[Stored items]
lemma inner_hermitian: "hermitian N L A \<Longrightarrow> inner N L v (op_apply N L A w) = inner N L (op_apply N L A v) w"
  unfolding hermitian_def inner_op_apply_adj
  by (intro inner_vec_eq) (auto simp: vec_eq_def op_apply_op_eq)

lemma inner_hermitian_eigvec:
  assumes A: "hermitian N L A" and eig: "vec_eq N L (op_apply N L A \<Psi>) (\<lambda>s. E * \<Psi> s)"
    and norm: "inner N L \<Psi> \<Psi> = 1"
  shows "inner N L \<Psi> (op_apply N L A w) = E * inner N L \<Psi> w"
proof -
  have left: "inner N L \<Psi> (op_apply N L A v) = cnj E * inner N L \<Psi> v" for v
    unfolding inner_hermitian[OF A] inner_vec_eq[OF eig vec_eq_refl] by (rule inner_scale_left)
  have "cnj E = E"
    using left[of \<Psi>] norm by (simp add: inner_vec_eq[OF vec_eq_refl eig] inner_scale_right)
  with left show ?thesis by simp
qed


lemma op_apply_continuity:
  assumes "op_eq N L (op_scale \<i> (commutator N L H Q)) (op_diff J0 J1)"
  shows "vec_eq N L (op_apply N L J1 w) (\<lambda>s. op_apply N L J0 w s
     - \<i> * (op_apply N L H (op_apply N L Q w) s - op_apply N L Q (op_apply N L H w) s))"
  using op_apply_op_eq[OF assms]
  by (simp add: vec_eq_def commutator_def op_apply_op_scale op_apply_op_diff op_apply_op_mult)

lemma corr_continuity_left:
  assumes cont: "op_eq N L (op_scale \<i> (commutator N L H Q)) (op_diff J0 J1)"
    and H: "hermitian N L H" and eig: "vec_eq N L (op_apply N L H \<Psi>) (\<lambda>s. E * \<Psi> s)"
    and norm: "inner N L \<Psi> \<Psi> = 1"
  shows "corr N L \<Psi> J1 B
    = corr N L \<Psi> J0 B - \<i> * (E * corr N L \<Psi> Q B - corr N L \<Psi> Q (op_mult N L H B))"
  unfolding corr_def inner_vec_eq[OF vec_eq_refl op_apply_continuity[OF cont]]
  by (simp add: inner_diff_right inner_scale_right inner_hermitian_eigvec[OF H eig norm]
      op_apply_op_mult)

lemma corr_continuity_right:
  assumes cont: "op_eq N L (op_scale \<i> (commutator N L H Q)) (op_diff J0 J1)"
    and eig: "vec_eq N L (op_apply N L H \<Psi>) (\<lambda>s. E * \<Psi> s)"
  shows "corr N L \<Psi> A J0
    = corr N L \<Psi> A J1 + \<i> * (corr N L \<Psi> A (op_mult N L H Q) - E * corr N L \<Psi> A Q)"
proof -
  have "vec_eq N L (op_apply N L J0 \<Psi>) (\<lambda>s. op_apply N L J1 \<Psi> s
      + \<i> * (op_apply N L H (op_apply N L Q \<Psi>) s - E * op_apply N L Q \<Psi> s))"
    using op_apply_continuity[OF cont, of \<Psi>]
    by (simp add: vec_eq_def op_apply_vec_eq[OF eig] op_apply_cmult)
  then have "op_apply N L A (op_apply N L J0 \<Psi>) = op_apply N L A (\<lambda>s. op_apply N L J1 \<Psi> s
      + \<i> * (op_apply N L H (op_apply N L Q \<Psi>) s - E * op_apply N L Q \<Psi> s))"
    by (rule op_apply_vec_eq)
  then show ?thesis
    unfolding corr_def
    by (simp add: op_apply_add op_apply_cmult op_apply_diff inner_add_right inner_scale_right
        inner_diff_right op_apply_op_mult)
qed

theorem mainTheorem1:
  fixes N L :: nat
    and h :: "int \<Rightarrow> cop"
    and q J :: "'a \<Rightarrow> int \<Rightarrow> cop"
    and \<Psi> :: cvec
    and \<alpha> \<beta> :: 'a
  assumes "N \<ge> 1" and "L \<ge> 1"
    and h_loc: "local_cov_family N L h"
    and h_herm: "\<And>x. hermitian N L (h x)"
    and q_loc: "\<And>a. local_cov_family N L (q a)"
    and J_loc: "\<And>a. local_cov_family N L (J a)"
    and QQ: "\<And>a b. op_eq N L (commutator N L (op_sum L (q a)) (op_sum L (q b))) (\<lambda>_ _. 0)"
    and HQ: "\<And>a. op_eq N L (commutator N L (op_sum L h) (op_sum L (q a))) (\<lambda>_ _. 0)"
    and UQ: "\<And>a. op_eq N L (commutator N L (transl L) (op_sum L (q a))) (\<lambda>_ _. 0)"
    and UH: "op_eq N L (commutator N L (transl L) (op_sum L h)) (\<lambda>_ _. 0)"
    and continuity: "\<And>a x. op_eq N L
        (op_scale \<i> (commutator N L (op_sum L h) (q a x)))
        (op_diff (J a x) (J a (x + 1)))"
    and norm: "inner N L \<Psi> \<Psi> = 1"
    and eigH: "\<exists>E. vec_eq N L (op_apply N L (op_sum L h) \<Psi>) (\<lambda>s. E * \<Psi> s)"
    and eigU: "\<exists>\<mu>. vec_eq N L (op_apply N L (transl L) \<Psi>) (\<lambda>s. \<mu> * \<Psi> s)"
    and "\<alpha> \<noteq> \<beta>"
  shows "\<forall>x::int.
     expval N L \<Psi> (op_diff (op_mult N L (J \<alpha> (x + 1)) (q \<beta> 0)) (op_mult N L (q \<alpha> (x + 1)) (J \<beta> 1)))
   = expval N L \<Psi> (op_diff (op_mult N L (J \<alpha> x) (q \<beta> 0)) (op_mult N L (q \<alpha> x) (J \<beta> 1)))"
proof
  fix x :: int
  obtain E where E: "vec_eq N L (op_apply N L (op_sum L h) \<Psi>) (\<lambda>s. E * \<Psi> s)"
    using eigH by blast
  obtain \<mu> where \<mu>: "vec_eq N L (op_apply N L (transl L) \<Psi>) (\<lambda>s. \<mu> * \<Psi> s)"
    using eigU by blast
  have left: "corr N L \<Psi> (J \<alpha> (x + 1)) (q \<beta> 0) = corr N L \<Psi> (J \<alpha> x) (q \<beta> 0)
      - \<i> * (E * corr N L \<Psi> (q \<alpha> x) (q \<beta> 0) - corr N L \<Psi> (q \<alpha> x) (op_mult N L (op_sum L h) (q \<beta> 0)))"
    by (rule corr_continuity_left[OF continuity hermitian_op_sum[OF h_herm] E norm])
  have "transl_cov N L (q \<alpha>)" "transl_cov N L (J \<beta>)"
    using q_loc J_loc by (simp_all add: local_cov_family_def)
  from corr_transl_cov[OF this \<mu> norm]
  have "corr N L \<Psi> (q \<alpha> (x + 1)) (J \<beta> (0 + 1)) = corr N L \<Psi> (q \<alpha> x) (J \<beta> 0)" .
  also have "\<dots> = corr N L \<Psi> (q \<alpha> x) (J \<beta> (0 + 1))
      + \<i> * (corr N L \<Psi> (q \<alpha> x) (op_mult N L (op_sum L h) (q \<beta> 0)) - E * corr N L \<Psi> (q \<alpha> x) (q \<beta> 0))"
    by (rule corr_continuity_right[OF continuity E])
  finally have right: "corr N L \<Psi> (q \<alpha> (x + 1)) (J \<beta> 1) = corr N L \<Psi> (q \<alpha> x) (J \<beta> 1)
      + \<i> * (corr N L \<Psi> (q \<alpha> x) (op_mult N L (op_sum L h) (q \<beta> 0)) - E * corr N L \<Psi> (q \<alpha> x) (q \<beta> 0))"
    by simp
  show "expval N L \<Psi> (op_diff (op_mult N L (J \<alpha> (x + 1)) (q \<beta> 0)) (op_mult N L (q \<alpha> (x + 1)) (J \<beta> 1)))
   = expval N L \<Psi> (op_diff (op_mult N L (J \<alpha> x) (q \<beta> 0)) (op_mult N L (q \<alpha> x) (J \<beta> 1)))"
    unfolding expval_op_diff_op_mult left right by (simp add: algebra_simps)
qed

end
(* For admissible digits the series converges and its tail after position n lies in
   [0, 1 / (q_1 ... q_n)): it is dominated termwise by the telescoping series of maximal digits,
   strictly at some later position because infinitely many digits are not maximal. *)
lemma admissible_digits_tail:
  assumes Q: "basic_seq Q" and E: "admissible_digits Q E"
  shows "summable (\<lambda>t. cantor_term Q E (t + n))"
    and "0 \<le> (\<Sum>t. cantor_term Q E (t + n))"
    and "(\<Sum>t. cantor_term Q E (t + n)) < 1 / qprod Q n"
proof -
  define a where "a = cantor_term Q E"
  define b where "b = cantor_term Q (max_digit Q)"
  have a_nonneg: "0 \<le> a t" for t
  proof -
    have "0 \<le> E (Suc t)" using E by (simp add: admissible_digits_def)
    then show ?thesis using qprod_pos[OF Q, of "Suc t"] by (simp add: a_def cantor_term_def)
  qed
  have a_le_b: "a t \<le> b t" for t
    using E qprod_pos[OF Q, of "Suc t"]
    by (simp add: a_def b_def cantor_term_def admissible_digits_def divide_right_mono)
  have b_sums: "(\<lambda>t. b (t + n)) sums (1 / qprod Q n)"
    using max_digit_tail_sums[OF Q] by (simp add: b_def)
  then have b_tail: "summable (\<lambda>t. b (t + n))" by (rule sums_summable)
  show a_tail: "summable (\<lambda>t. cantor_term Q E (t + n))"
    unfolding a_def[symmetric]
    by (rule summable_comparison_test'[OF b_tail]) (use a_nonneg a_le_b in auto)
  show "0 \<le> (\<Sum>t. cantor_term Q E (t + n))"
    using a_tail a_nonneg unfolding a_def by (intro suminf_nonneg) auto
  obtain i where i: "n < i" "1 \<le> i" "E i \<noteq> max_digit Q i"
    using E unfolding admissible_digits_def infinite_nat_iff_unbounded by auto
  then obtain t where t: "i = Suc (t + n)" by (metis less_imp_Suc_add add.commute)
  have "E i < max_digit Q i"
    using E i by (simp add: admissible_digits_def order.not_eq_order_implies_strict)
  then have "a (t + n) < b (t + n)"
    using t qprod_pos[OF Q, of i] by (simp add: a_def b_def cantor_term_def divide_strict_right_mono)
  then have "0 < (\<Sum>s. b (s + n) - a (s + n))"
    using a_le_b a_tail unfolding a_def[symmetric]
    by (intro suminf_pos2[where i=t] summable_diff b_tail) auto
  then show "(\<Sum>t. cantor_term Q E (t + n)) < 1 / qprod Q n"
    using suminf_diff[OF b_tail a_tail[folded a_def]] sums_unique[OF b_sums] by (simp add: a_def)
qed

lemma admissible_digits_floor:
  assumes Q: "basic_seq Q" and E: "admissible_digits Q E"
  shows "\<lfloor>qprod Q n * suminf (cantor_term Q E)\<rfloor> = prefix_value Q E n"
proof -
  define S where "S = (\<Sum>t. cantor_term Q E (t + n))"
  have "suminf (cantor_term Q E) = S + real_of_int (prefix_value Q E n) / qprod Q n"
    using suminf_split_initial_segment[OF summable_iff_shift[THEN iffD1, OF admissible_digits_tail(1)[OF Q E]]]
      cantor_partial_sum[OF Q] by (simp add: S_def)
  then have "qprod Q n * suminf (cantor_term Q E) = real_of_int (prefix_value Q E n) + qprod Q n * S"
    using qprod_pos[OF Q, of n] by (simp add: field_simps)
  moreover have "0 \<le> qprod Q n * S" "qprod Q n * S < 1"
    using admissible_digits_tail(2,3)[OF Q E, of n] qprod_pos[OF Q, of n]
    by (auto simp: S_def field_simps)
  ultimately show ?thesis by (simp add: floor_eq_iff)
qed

To do: What is the number of lines in these records that contain "lemma"? Reply with the number only.

Response area: 7